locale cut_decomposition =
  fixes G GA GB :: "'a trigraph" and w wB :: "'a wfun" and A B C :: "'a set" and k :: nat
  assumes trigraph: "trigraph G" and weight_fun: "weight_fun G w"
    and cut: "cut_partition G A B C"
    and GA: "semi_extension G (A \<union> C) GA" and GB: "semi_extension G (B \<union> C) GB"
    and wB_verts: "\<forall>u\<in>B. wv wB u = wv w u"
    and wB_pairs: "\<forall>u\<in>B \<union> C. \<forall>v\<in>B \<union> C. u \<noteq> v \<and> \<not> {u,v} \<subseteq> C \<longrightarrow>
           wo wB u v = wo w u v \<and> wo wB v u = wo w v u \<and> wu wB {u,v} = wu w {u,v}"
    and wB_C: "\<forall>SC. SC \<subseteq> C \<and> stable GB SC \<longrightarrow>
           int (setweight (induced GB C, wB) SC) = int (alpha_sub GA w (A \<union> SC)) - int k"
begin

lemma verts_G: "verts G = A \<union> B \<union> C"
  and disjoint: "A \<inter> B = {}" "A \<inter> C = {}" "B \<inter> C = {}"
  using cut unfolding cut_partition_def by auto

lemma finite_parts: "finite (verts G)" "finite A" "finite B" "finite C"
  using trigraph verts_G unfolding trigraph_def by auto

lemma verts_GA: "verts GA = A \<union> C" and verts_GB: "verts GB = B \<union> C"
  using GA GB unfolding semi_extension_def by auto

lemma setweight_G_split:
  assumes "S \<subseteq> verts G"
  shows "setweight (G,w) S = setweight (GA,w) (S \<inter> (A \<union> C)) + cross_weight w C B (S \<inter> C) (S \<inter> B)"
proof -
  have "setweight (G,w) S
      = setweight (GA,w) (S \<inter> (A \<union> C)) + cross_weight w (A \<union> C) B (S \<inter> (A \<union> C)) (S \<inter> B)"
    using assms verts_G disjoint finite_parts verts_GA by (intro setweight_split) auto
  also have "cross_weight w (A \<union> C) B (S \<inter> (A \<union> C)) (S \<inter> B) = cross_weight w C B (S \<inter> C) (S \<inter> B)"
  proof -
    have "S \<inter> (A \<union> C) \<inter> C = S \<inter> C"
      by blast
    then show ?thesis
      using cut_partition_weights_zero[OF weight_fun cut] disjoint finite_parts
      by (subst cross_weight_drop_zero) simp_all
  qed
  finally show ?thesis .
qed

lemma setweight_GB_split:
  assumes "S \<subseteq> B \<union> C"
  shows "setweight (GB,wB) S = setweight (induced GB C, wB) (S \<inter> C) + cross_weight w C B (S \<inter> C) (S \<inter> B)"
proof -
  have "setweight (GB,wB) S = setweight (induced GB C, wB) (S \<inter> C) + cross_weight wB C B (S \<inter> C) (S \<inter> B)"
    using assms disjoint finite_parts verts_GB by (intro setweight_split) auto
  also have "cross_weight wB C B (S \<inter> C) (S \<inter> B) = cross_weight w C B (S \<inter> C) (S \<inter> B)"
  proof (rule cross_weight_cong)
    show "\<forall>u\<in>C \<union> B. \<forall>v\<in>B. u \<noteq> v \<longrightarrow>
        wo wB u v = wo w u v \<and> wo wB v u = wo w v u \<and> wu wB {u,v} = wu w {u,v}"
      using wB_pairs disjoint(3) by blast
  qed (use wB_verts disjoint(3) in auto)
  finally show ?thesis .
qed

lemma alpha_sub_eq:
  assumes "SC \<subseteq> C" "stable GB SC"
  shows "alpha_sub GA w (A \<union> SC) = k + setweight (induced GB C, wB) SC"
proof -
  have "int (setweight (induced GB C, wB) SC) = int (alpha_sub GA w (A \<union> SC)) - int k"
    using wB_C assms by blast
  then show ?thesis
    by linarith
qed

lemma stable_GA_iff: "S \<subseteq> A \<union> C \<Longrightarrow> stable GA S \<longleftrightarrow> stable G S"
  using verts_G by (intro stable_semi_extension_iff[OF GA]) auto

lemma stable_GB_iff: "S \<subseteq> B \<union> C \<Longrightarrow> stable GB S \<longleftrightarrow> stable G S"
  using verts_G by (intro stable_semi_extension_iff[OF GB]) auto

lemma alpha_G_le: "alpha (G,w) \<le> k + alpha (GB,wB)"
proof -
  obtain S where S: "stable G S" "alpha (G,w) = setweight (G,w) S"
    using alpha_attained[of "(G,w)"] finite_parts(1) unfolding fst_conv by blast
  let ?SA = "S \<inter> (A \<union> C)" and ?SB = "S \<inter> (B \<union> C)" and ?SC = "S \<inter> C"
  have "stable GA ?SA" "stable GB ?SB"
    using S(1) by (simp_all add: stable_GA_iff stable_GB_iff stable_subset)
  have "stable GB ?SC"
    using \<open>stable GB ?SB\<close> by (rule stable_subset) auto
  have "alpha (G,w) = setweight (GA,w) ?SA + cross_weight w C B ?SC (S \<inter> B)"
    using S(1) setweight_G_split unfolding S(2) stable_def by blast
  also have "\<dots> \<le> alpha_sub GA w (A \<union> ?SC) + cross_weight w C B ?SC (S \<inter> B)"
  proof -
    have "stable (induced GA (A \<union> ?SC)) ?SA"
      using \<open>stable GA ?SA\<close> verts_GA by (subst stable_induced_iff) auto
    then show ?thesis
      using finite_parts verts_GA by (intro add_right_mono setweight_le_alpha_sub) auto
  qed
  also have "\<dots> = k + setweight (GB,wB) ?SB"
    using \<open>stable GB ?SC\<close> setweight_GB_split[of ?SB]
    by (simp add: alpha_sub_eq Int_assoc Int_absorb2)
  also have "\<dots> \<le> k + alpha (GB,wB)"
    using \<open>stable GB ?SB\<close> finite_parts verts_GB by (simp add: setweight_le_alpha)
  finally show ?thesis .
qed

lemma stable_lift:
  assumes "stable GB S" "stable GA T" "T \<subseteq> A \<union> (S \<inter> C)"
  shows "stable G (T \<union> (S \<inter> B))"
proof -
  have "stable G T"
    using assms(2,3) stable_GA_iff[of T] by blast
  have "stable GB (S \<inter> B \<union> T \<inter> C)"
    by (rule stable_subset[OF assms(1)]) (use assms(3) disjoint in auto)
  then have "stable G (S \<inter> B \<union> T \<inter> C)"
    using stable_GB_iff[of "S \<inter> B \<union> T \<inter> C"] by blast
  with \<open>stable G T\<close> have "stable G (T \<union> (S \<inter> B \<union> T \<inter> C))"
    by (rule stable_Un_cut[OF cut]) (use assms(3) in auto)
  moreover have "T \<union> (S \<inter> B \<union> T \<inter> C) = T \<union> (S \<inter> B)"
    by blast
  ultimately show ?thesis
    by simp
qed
...
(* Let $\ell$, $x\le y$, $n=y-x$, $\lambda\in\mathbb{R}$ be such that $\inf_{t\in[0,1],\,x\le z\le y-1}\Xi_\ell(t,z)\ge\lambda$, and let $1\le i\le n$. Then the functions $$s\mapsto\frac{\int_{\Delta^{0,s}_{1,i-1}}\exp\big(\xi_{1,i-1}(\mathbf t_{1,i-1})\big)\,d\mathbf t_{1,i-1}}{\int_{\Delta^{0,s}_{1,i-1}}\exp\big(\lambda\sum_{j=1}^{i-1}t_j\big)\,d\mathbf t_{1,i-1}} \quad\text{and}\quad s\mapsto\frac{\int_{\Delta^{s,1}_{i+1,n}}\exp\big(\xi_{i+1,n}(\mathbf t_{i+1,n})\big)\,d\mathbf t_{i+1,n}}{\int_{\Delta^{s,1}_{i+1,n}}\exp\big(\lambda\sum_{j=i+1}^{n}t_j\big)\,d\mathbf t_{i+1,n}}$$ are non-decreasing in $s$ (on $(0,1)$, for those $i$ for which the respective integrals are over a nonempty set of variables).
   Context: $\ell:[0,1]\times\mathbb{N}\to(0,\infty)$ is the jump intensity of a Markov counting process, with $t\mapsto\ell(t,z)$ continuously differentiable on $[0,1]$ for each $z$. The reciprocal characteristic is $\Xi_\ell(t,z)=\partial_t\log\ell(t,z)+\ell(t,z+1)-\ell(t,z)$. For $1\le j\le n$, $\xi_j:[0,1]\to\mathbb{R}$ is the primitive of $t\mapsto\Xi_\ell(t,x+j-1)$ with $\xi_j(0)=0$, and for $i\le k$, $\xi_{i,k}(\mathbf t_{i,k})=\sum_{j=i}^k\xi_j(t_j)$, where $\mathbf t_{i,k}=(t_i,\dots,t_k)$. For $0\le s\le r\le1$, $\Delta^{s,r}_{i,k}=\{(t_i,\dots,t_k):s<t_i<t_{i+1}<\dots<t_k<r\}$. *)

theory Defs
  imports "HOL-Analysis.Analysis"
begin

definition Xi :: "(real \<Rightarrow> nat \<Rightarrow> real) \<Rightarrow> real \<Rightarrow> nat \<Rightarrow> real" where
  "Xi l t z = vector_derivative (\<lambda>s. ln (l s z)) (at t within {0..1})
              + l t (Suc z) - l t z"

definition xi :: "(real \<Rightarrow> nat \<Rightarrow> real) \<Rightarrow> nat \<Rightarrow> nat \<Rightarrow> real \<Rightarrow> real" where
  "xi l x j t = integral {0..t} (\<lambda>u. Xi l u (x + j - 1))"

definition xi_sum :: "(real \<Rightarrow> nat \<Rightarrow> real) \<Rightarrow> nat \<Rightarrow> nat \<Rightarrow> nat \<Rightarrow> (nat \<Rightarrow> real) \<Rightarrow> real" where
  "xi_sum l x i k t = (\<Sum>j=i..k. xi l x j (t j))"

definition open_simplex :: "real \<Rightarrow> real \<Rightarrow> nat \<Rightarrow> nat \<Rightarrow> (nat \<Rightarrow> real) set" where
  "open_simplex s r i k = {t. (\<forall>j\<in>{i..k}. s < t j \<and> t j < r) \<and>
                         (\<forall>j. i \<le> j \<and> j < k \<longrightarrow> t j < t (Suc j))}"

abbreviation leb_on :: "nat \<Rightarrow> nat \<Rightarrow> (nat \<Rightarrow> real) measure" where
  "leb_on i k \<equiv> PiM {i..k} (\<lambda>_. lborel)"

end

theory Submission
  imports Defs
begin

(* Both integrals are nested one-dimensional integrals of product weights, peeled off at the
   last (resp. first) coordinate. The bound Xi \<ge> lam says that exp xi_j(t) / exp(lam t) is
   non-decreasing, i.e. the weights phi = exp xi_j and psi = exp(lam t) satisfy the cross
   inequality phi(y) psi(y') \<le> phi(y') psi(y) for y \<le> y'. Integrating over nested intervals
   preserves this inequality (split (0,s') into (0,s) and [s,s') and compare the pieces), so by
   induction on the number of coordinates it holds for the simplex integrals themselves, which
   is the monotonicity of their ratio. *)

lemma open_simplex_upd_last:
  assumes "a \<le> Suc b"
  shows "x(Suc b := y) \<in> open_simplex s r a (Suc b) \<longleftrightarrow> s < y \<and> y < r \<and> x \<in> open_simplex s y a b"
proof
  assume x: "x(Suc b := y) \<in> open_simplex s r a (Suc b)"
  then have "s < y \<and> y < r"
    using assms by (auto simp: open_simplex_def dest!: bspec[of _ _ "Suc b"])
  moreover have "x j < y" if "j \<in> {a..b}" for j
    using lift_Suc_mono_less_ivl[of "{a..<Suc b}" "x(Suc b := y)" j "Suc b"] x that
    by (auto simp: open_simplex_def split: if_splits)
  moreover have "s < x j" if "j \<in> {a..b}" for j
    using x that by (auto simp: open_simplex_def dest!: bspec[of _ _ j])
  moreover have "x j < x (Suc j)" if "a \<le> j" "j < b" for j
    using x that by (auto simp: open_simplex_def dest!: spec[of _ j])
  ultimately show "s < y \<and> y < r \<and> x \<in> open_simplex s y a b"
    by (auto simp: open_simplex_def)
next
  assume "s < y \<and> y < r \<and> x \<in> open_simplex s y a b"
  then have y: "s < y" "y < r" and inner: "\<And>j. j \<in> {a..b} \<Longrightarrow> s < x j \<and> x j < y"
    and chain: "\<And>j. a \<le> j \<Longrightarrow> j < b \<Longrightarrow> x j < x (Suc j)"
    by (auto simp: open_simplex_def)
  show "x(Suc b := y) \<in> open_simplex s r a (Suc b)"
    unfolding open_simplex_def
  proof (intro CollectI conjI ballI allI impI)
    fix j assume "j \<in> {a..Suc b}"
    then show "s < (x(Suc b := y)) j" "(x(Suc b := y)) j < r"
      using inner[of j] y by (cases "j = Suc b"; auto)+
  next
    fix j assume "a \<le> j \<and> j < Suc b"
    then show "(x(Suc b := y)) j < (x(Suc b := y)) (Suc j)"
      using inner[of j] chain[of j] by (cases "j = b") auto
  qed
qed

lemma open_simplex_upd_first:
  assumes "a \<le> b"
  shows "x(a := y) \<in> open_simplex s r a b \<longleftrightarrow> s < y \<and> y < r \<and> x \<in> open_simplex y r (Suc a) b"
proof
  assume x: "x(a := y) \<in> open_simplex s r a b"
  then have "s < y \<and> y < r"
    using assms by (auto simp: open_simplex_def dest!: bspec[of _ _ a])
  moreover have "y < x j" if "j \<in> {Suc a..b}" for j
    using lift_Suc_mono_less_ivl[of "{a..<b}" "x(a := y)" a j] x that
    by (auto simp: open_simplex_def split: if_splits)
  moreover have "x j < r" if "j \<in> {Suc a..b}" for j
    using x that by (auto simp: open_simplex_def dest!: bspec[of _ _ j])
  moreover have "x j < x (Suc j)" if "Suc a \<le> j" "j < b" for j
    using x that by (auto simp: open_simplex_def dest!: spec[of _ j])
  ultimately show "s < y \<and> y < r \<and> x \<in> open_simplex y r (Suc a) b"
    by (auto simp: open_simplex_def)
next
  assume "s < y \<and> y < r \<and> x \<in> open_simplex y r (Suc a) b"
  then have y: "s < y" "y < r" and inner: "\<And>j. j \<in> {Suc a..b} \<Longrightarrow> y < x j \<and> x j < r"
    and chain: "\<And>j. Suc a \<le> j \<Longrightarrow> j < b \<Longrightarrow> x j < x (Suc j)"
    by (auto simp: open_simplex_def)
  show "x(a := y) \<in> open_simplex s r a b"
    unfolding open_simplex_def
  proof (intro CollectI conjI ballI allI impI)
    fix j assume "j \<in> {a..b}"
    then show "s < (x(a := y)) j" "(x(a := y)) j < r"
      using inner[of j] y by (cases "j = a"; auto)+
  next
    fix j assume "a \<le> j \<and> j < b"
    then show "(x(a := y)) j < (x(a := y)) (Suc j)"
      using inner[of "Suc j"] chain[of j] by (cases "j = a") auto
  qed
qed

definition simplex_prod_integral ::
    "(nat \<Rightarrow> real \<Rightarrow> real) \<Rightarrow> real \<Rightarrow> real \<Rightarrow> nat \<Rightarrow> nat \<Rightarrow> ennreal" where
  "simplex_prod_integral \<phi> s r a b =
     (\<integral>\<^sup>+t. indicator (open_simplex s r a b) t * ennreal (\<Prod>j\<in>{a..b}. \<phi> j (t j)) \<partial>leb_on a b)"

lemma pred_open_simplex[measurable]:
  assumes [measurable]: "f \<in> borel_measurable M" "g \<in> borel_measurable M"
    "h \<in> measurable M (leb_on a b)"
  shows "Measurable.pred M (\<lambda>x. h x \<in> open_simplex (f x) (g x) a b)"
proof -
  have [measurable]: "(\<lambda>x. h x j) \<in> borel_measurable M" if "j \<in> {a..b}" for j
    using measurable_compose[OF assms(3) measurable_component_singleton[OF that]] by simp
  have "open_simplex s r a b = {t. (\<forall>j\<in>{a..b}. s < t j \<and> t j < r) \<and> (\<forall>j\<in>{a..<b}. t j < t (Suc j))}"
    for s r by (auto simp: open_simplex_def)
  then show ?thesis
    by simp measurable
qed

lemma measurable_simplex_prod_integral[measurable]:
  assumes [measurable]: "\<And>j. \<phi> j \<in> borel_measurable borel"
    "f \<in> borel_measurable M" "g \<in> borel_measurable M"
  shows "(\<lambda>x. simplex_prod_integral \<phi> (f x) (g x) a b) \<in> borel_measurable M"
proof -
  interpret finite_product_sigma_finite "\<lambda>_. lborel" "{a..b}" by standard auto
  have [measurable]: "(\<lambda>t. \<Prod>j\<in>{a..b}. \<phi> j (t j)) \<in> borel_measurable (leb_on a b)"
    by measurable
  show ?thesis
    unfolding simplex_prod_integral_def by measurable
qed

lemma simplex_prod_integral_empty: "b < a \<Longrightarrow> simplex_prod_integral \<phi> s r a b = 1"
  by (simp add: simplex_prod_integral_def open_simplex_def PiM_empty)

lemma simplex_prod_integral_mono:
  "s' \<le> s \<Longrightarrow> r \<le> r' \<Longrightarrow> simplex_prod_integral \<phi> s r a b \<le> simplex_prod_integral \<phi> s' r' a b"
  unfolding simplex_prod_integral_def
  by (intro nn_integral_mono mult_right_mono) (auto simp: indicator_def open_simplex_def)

How to complete this task → Reproduce word for word the material above, beginning with the line that contains "simplex_prod_integral \<phi> (f" and ending with the line that contains "by (intro nn_integral_mono".

Solution for this exercise →
  shows "(\<lambda>x. simplex_prod_integral \<phi> (f x) (g x) a b) \<in> borel_measurable M"
proof -
  interpret finite_product_sigma_finite "\<lambda>_. lborel" "{a..b}" by standard auto
  have [measurable]: "(\<lambda>t. \<Prod>j\<in>{a..b}. \<phi> j (t j)) \<in> borel_measurable (leb_on a b)"
    by measurable
  show ?thesis
    unfolding simplex_prod_integral_def by measurable
qed

lemma simplex_prod_integral_empty: "b < a \<Longrightarrow> simplex_prod_integral \<phi> s r a b = 1"
  by (simp add: simplex_prod_integral_def open_simplex_def PiM_empty)

lemma simplex_prod_integral_mono:
  "s' \<le> s \<Longrightarrow> r \<le> r' \<Longrightarrow> simplex_prod_integral \<phi> s r a b \<le> simplex_prod_integral \<phi> s' r' a b"
  unfolding simplex_prod_integral_def
  by (intro nn_integral_mono mult_right_mono) (auto simp: indicator_def open_simplex_def)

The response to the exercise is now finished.